Figure 2: Three evaluation tasks (Lift, PickPlaceCan, Stack) visualized at initialization, grasp, and post-task—demonstrating AOR’s phase-by-phase trajectory optimization.
Comparative Analysis and Claims
The primary claim of AOR is architectural: the expressiveness and interpretability of “policy as code” unlock deeper in-context learning than other in-context LLM agent paradigms:
- Fine-grained diagnosis: The agent can attribute failure to specific lines or architectural modules (e.g., vision back-projection bugs, segmentation logic flaws), which would be silent in gradient-based learning.
- Architectural modification: Beyond parameter tuning, AOR enables reorganization of controller phases, introduction of new geometric corrections, or entirely new approaches to feature extraction—all discovered through episode-level feedback.
- Feedback depth: Leveraging visual and structured episodic data allows causal, rather than associative, diagnosis, fundamentally improving the sample efficiency of controller correction.

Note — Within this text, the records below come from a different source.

lemma cut_points_bounds:
  assumes "q \<in> cut_points"
  shows "d \<le> q \<and> q + d \<le> n + 1"
proof -
  obtain k where k: "k \<in> {1..m}" "q = cut_point k" using assms by (auto simp: cut_points_def)
  have "cut_point 0 + d \<le> cut_point k" "cut_point k + d \<le> cut_point (m + 1)"
    using k by (auto intro!: cut_point_less_gap)
  then show ?thesis using k parts_sum by (simp add: cut_point_def)
qed

lemma cut_point_strict_mono: "strict_mono_on {..m+1} cut_point"
  using cut_point_less_gap d_pos by (intro strict_mono_onI) fastforce

lemma cut_points_spread:
  assumes "q \<in> cut_points" "q' \<in> cut_points" "q < q'"
  shows "q + d \<le> q'"
proof -
  obtain a b where ab: "a \<in> {1..m}" "b \<in> {1..m}" "q = cut_point a" "q' = cut_point b"
    using assms(1,2) by (auto simp: cut_points_def)
  have "a < b"
  proof (rule ccontr)
    assume "\<not> a < b"
    then have "cut_point b \<le> cut_point a"
      using strict_mono_on_leD[OF cut_point_strict_mono] ab by force
    then show False using ab assms(3) by simp
  qed
  then show ?thesis using cut_point_less_gap ab by simp
qed

lemma card_cut_points: "card cut_points = m"
proof -
  have "inj_on cut_point {1..m}"
    using strict_mono_on_imp_inj_on[OF cut_point_strict_mono] by (rule inj_on_subset) auto
  then show ?thesis by (simp add: cut_points_def card_image)
qed

lemma cut_points_cover:
  assumes "1 \<le> l" "l + (d + 1) \<le> n + 1"
  shows "\<exists>q\<in>cut_points. l \<le> q \<and> q < l + (d + 1)"
proof -
  have "cut_point 0 < l" "l + (d + 1) \<le> cut_point (Suc m)"
    using assms parts_sum by (simp_all add: cut_point_def)
  then obtain t where "t \<in> {1..m}" "l \<le> cut_point t" "cut_point t < l + (d + 1)"
    using partial_sums_hit_window[of cut_point, OF _ _ cut_point_step] by blast
  then show ?thesis by (auto simp: cut_points_def)
qed

lemma window_deficit_cut_points_le:
  assumes "0 \<le> x" "1 \<le> j" "j \<le> n"
  shows "window_deficit n x (\<lambda>i. if i \<in> cut_points then x else 0) j
           \<le> x * max 0 (real (n + 1) - real j * real (m + 1))"
proof (cases "j \<le> d")
  case True
  have "window_deficit n x (\<lambda>i. if i \<in> cut_points then x else 0) j
          = real (n+1-j) * x - real j * real m * x"
  proof -
    have "finite cut_points" by (simp add: cut_points_def)
    moreover have "j \<le> q \<and> q + j \<le> n + 1" if "q \<in> cut_points" for q
      using cut_points_bounds[OF that] True by linarith
    moreover have "q + j \<le> q'" if "q \<in> cut_points" "q' \<in> cut_points" "q < q'" for q q'
      using cut_points_spread[OF that] True by linarith
    ultimately show ?thesis
      using window_deficit_sparse_marks[OF _ assms] card_cut_points by simp
  qed
  also have "\<dots> = x * (real (n + 1) - real j * real (m + 1))"
    using assms(3) by (simp add: of_nat_diff algebra_simps)
  finally show ?thesis using assms(1) by (simp add: mult_left_mono)
next
  case False
  have "\<exists>q\<in>cut_points. l \<le> q \<and> q < l + j" if "1 \<le> l" "l + j \<le> n + 1" for l
    using cut_points_cover[of l] that False by fastforce
  then have "window_deficit n x (\<lambda>i. if i \<in> cut_points then x else 0) j = 0"
    by (rule window_deficit_dense_marks[OF assms(1)])
  then show ?thesis using assms(1) by simp
qed

lemma cut_points_subset: "cut_points \<subseteq> {1..n}"
  using cut_points_bounds d_pos by fastforce

lemma cut_points_marks_in_Lambda:
  assumes "0 \<le> x"
  shows "(\<lambda>i. if i \<in> cut_points then x else 0) \<in> Lambda n (real m * x)"
proof -
  have "(\<Sum>i=1..n. if i \<in> cut_points then x else 0) = (\<Sum>i\<in>{1..n} \<inter> cut_points. x)"
    using sum.inter_restrict[of "{1..n}" "\<lambda>_. x" cut_points] by simp
  also have "\<dots> = real m * x" using cut_points_subset card_cut_points by (simp add: Int_absorb1)
  finally show ?thesis using assms by (simp add: Lambda_def)
qed

lemma window_deficit_cut_points:
  assumes "0 \<le> x" "1 \<le> j" "j \<le> n"
  shows "window_deficit n x (\<lambda>i. if i \<in> cut_points then x else 0) j
           = x * max 0 (real (n + 1) - real j * real (m + 1))"
  using window_deficit_cut_points_le[OF assms] window_deficit_ge_bound[OF cut_points_marks_in_Lambda assms]
    assms(1) by linarith
lemma fourier_integral_gauss:
  assumes \<sigma>: "\<sigma> > 0"
  shows "fourier_integral (\<lambda>x. complex_of_real (gauss \<sigma> x)) w = gauss_ft \<sigma> w"
proof -
  have "fourier_integral (\<lambda>x. complex_of_real (gauss \<sigma> x)) w
      = \<bar>\<sigma>\<bar> *\<^sub>R (\<integral>y. iexp (- ((0 + \<sigma> * y) * w)) * complex_of_real (gauss \<sigma> (0 + \<sigma> * y)) \<partial>lborel)"
    unfolding fourier_integral_def using \<sigma> by (intro lborel_integral_real_affine) simp
  also have "(\<lambda>y. iexp (- ((0 + \<sigma> * y) * w)) * complex_of_real (gauss \<sigma> (0 + \<sigma> * y)))
      = (\<lambda>y. sqrt (2 * pi) *\<^sub>R (std_normal_density y *\<^sub>R iexp (- (w * \<sigma>) * y)))"
    using \<sigma> by (auto simp: gauss_def std_normal_density_def scaleR_conv_of_real fun_eq_iff mult_ac)
  also have "(\<integral>y. sqrt (2 * pi) *\<^sub>R (std_normal_density y *\<^sub>R iexp (- (w * \<sigma>) * y)) \<partial>lborel)
      = sqrt (2 * pi) *\<^sub>R char std_normal_distribution (- (w * \<sigma>))"
    unfolding char_def integral_scaleR_right by (subst integral_density) auto
  also have "char std_normal_distribution (- (w * \<sigma>)) = exp (- (w * \<sigma>)\<^sup>2 / 2)"
    by (simp add: char_std_normal_distribution)
  finally show ?thesis
    using \<sigma> unfolding gauss_ft_def by (simp add: scaleR_conv_of_real mult_ac power_mult_distrib)
qed

lemma nn_integral_quadratic_convolution_le:
  fixes a k :: "real \<Rightarrow> ennreal"
  assumes [measurable]: "a \<in> borel_measurable borel" "k \<in> borel_measurable borel"
  shows "(\<integral>\<^sup>+u. \<integral>\<^sup>+v. a u * a v * k (u - v) \<partial>lborel \<partial>lborel)
           \<le> (\<integral>\<^sup>+w. k w \<partial>lborel) * (\<integral>\<^sup>+u. a u ^ 2 \<partial>lborel)"
proof -
  define K where "K = (\<integral>\<^sup>+w. k w \<partial>lborel)"
  define Q where "Q = (\<integral>\<^sup>+u. a u ^ 2 \<partial>lborel)"
  have shift_v: "(\<integral>\<^sup>+v. k (u - v) \<partial>lborel) = K" for u
    using nn_integral_real_affine[of k "-1" u] by (simp add: K_def)
  have shift_u: "(\<integral>\<^sup>+u. k (u - v) \<partial>lborel) = K" for v
    using nn_integral_real_affine[of k 1 "-v"] by (simp add: K_def)
  have "2 * (\<integral>\<^sup>+u. \<integral>\<^sup>+v. a u * a v * k (u - v) \<partial>lborel \<partial>lborel)
      = (\<integral>\<^sup>+u. \<integral>\<^sup>+v. (2 * a u * a v) * k (u - v) \<partial>lborel \<partial>lborel)"
    by (simp add: nn_integral_cmult lborel.borel_measurable_nn_integral mult.assoc)
  also have "\<dots> \<le> (\<integral>\<^sup>+u. \<integral>\<^sup>+v. (a u ^ 2 + a v ^ 2) * k (u - v) \<partial>lborel \<partial>lborel)"
    by (intro nn_integral_mono mult_right_mono sum_of_squares_ge_ennreal) simp
  also have "\<dots> = (\<integral>\<^sup>+u. \<integral>\<^sup>+v. a u ^ 2 * k (u - v) \<partial>lborel \<partial>lborel)
      + (\<integral>\<^sup>+u. \<integral>\<^sup>+v. a v ^ 2 * k (u - v) \<partial>lborel \<partial>lborel)"
    by (simp add: distrib_right nn_integral_add lborel.borel_measurable_nn_integral)
  also have "(\<integral>\<^sup>+u. \<integral>\<^sup>+v. a u ^ 2 * k (u - v) \<partial>lborel \<partial>lborel) = K * Q"
    by (simp add: nn_integral_cmult shift_v Q_def nn_integral_multc mult.commute)
  also have "(\<integral>\<^sup>+u. \<integral>\<^sup>+v. a v ^ 2 * k (u - v) \<partial>lborel \<partial>lborel)
      = (\<integral>\<^sup>+v. \<integral>\<^sup>+u. a v ^ 2 * k (u - v) \<partial>lborel \<partial>lborel)"
    by (rule lborel_pair.Fubini') measurable
  also have "\<dots> = K * Q"
    by (simp add: nn_integral_cmult shift_u Q_def nn_integral_multc mult.commute)
  finally have "2 * (\<integral>\<^sup>+u. \<integral>\<^sup>+v. a u * a v * k (u - v) \<partial>lborel \<partial>lborel) \<le> 2 * (K * Q)"
    by (simp add: mult_2)
  then show ?thesis
    by (simp add: ennreal_mult_le_mult_iff K_def Q_def)
qed

lemma cnj_fourier_integral_gauss:
  fixes \<psi> :: "real \<Rightarrow> complex"
  assumes \<psi>: "integrable lborel \<psi>" and \<sigma>: "\<sigma> > 0"
  shows "(\<integral>x. cnj (fourier_integral \<psi> x) * iexp (- (u * x)) * gauss \<sigma> x \<partial>lborel)
           = (\<integral>v. cnj (\<psi> v) * gauss_ft \<sigma> (u - v) \<partial>lborel)"
proof -
  have [measurable]: "\<psi> \<in> borel_measurable borel"
    using \<psi> by (simp add: borel_measurable_integrable)
  define K where "K x v = cnj (\<psi> v) * (iexp (- ((u - v) * x)) * gauss \<sigma> x)" for x v
  have K: "integrable (lborel \<Otimes>\<^sub>M lborel) (\<lambda>(x, v). K x v)"
  proof (rule Bochner_Integration.integrable_bound)
    show "integrable (lborel \<Otimes>\<^sub>M lborel) (\<lambda>(x, v). gauss \<sigma> x * cmod (\<psi> v))"
      using \<psi> integrable_gauss[OF \<sigma>] by (intro integrable_lborel_pair_mult) auto
    show "(\<lambda>(x, v). K x v) \<in> borel_measurable (lborel \<Otimes>\<^sub>M lborel)"
      unfolding K_def by measurable
  qed (auto simp: K_def norm_mult gauss_nonneg split: prod.splits)
  have "cnj (fourier_integral \<psi> x) * iexp (- (u * x)) * gauss \<sigma> x = (\<integral>v. K x v \<partial>lborel)" for x
  proof -
    have cnj_eq: "cnj (fourier_integral \<psi> x) = (\<integral>v. iexp (v * x) * cnj (\<psi> v) \<partial>lborel)"
      unfolding fourier_integral_def Bochner_Integration.integral_cnj[symmetric] by (simp add: exp_cnj)
    show ?thesis
      unfolding cnj_eq K_def integral_mult_left_zero[symmetric]
      by (intro Bochner_Integration.integral_cong refl) (simp add: exp_add[symmetric] algebra_simps)
  qed
  then have "(\<integral>x. cnj (fourier_integral \<psi> x) * iexp (- (u * x)) * gauss \<sigma> x \<partial>lborel)
      = (\<integral>x. \<integral>v. K x v \<partial>lborel \<partial>lborel)"
    by simp
  also have "\<dots> = (\<integral>v. \<integral>x. K x v \<partial>lborel \<partial>lborel)"
    using lborel_pair.Fubini_integral[OF K] by simp
  also have "\<dots> = (\<integral>v. cnj (\<psi> v) * gauss_ft \<sigma> (u - v) \<partial>lborel)"
  proof (rule Bochner_Integration.integral_cong[OF refl])
    fix v
    have "(\<integral>x. iexp (- ((u - v) * x)) * gauss \<sigma> x \<partial>lborel) = gauss_ft \<sigma> (u - v)"
      using fourier_integral_gauss[OF \<sigma>, of "u - v"] by (simp only: fourier_integral_def mult.commute)
    then show "(\<integral>x. K x v \<partial>lborel) = cnj (\<psi> v) * gauss_ft \<sigma> (u - v)"
      unfolding K_def integral_mult_right_zero by simp
  qed
  finally show ?thesis .
qed

lemma integrable_gauss_damped_energy:
  fixes \<psi> :: "real \<Rightarrow> complex"
  assumes \<psi>: "integrable lborel \<psi>" and \<sigma>: "\<sigma> > 0"
  shows "integrable lborel (\<lambda>x. (cmod (fourier_integral \<psi> x))\<^sup>2 * gauss \<sigma> x)"
proof (rule Bochner_Integration.integrable_bound)
  define N where "N = (\<integral>t. cmod (\<psi> t) \<partial>lborel)"
  have [measurable]: "\<psi> \<in> borel_measurable borel"
    using \<psi> by (simp add: borel_measurable_integrable)
  show "integrable lborel (\<lambda>x. N\<^sup>2 * gauss \<sigma> x)"
    using integrable_gauss[OF \<sigma>] by simp
  show "AE x in lborel. norm ((cmod (fourier_integral \<psi> x))\<^sup>2 * gauss \<sigma> x) \<le> norm (N\<^sup>2 * gauss \<sigma> x)"
    using norm_fourier_integral_le_integral[of \<psi>] gauss_nonneg[of \<sigma>]
    by (auto simp: N_def abs_mult intro!: mult_right_mono power_mono)
  show "(\<lambda>x. (cmod (fourier_integral \<psi> x))\<^sup>2 * gauss \<sigma> x) \<in> borel_measurable lborel"
    by measurable
qed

The quantitative results are competitive with demonstration- and RL-based methods for these tasks—but with the highly constraining assumption of zero demonstrations, no reward engineering, and no gradient updates.
Limitations and Failure Modes
While AOR autonomously surfaced and resolved several subtle issues (e.g., OpenGL vs. OpenCV camera axis inconsistencies), the search process is local and myopic. For Stack, the agent did not exhaustively explore placement strategies to avoid final gripper-cube collisions, resulting in plateaued performance. The framework is currently simulation-only; real-world deployment would necessitate enhanced uncertainty management and likely more robust perception techniques.
The performance of the framework is contingent on the coding agent’s reasoning capabilities; Codex, for example, failed to solve the simplest tasks, indicating substantial reliance on high-quality code LLMs.
Implications and Future Directions
AOR demonstrates that policy as code, iteratively synthesized via reflection on multimodal trial outcomes, is a viable path for closed-loop robot learning—bridging program synthesis and physical control. Its strengths are interpretability, modularity, and fine-grained diagnosis, making it well-suited not only to rapid prototyping but also to real-time debugging of existing policies.
Potential extensions include:
- Prompt steering to elicit non-classical, modern perception or control strategies from the LLM, rather than classical color-segmentation and phase-based state machines.
- Fusion with vision-language-action (VLA) foundation models for prior-based adaptation and combining sub-goal selection with low-level reflexion.
- Parallelized hypothesis generation to accelerate iteration and explicit mechanisms for diversity in controller proposals.
- Formal characterization of convergence and sample complexity for various classes of failure modes.
Conclusion
AOR delineates a distinct regime in robot learning design, relying on multimodal policy code synthesis via LLM-driven reflection over trial outcomes. Its in-context improvement capabilities match or exceed LLM-based symbolic strategy revision frameworks in scope, while affording deeper diagnosis and adaptation for geometric and code-level errors. The results suggest that as code-driven LLMs and multimodal reasoning advance, frameworks like AOR will become prominent tools for scalable, interpretable, and adaptive physical AI system deployment.